(Dataset entries)
· · · · ·

lemma exists_nonzero_square_ne_1:
  assumes "card (UNIV :: 'a::{finite,field} set) \<ge> 4"
  shows "\<exists>a::'a. a \<noteq> 0 \<and> a * a \<noteq> 1"
proof -
  have "\<not> UNIV \<subseteq> {0, 1, -1::'a}"
  proof
    assume "UNIV \<subseteq> {0, 1, -1::'a}"
    then have "card (UNIV :: 'a set) \<le> card {0, 1, -1::'a}" by (intro card_mono) simp_all
    also have "\<dots> \<le> 3" by (rule card_insert_le_m1) (simp_all add: card_insert_le_m1)
    finally show False using assms by simp
  qed
  then show ?thesis by (auto simp: square_eq_1_iff)
qed

lemma exists_nonroot_of_cyclotomic_3:
  assumes "card (UNIV :: 'a::{finite,field} set) \<ge> 5"
  shows "\<exists>a::'a. a \<noteq> 0 \<and> a + 1 \<noteq> 0 \<and> a * a + a + 1 \<noteq> 0"
proof -
  obtain r :: 'a where roots: "\<And>x. x * x + x + 1 = 0 \<Longrightarrow> x = r \<or> x = - (1 + r)"
  proof (cases "\<exists>r::'a. r * r + r + 1 = 0")
    case True
    then obtain r :: 'a where r: "r * r + r + 1 = 0" by blast
    have "x * x + x + 1 = (x - r) * (x + (1 + r))" for x :: 'a
      using r by (simp add: algebra_simps)
    then show thesis using that[of r] by (metis eq_neg_iff_add_eq_0 mult_eq_0_iff right_minus_eq)
  qed auto
  have "\<not> UNIV \<subseteq> {0, -1, r, - (1 + r)}"
  proof
    assume "UNIV \<subseteq> {0, -1, r, - (1 + r)}"
    then have "card (UNIV :: 'a set) \<le> card {0, -1, r, - (1 + r)}" by (intro card_mono) simp_all
    also have "\<dots> \<le> 4" by (simp add: card_insert_le_m1)
    finally show False using assms by simp
  qed
  then obtain x :: 'a where x: "x \<notin> {0, -1, r, - (1 + r)}" by blast
  then have "x + 1 \<noteq> 0" by (metis eq_neg_iff_add_eq_0 insertCI)
  moreover have "x * x + x + 1 \<noteq> 0" using roots x by blast
  ultimately show ?thesis using x by blast
qed

lemma additive_antihomogeneous_eq_0:
  fixes \<alpha> :: "'a::field \<Rightarrow> 'a" and a :: 'a
  assumes add: "\<And>x y. \<alpha> (x + y) = \<alpha> x + \<alpha> y"
    and antihom: "\<And>t x. t \<noteq> 0 \<Longrightarrow> \<alpha> (t * x) = inverse t * \<alpha> x"
    and a: "a \<noteq> 0" "a + 1 \<noteq> 0" "a * a + a + 1 \<noteq> 0"
  shows "\<alpha> x = 0"
proof -
  have at: "\<alpha> t = inverse t * \<alpha> 1" if "t \<noteq> 0" for t using antihom[OF that, of 1] by simp
  have \<alpha>1: "\<alpha> 1 = 0"
  proof (rule ccontr)
    assume "\<alpha> 1 \<noteq> 0"
    moreover have "inverse (1 + a) * \<alpha> 1 = (1 + inverse a) * \<alpha> 1"
      using add[of 1 a] at[of "1 + a"] at[of a] a by (simp add: add.commute distrib_right)
    ultimately have "inverse (1 + a) = 1 + inverse a" by simp
    then have "a = a * (1 + a) + (1 + a)" using a by (simp add: field_simps add.commute)
    then show False using a(3) by (simp add: algebra_simps)
  qed
  have "\<alpha> 0 = \<alpha> 0 + \<alpha> 0" using add[of 0 0] by (subst (asm) add_0_right)
  then have "\<alpha> 0 = 0" by (rule add_cancel_right_right[THEN iffD1])
  then show ?thesis using at \<alpha>1 by (cases "x = 0") simp_all
qed

section \<open>The group \<open>SL\<^sub>2\<close> of \<open>2 \<times> 2\<close> matrices\<close>

type_synonym 'a mat = "'a \<times> 'a \<times> 'a \<times> 'a"

abbreviation SL2_mult :: "'a::field mat \<Rightarrow> 'a mat \<Rightarrow> 'a mat" (infixl "\<cdot>" 70) where
  "A \<cdot> B \<equiv> A \<otimes>\<^bsub>SL2\<^esub> B"

definition adj_mat :: "'a::field mat \<Rightarrow> 'a mat" where
  "adj_mat A = (case A of (a,b,c,d) \<Rightarrow> (d,-b,-c,a))"

definition conj_mat :: "'a::field mat \<Rightarrow> 'a mat \<Rightarrow> 'a mat" where
  "conj_mat k A = k \<cdot> A \<cdot> adj_mat k"

definition upper_unip :: "'a::field \<Rightarrow> 'a mat" where
  "upper_unip b = (1,b,0,1)"

definition lower_unip :: "'a::field \<Rightarrow> 'a mat" where
  "lower_unip c = (1,0,c,1)"

definition diag_mat :: "'a::field \<Rightarrow> 'a mat" where
  "diag_mat t = (t,0,0,inverse t)"

definition weyl_mat :: "'a::field \<Rightarrow> 'a mat" where
  "weyl_mat b = (0,b,-inverse b,0)"

definition unipotent :: "'a::field mat set" where
  "unipotent = range upper_unip"

definition torus :: "'a::field mat set" where
  "torus = diag_mat ` (UNIV - {0})"

definition borel :: "'a::field mat set" where
  "borel = {(a, b, 0, inverse a) | a b. a \<noteq> 0}"

lemma SL2_mult_eq [simp]:
  "((a::'a::field),b,c,d) \<cdot> (e,f,g,h) = (a*e + b*g, a*f + b*h, c*e + d*g, c*f + d*h)"
  by (simp add: SL2_def)

lemma SL2_one [simp]: "\<one>\<^bsub>SL2\<^esub> = ((1,0,0,1) :: 'a::field mat)"
  by (simp add: SL2_def)

lemma SL2_carrier_iff [simp]: "((a::'a::field),b,c,d) \<in> carrier SL2 \<longleftrightarrow> a*d - b*c = 1"
  by (simp add: SL2_def)

lemma SL2_mult_closed: "(A::'a::field mat) \<in> carrier SL2 \<Longrightarrow> B \<in> carrier SL2 \<Longrightarrow> A \<cdot> B \<in> carrier SL2"
  by (cases A; cases B) (auto simp: algebra_simps)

· · · · ·

(EXERCISE REQUIREMENTS): Pull every line containing "assumes" out of the data above.

(WRITTEN RESPONSE):
  assumes "card (UNIV :: 'a::{finite,field} set) \<ge> 4"
  assumes "card (UNIV :: 'a::{finite,field} set) \<ge> 5"
  assumes add: "\<And>x y. \<alpha> (x + y) = \<alpha> x + \<alpha> y"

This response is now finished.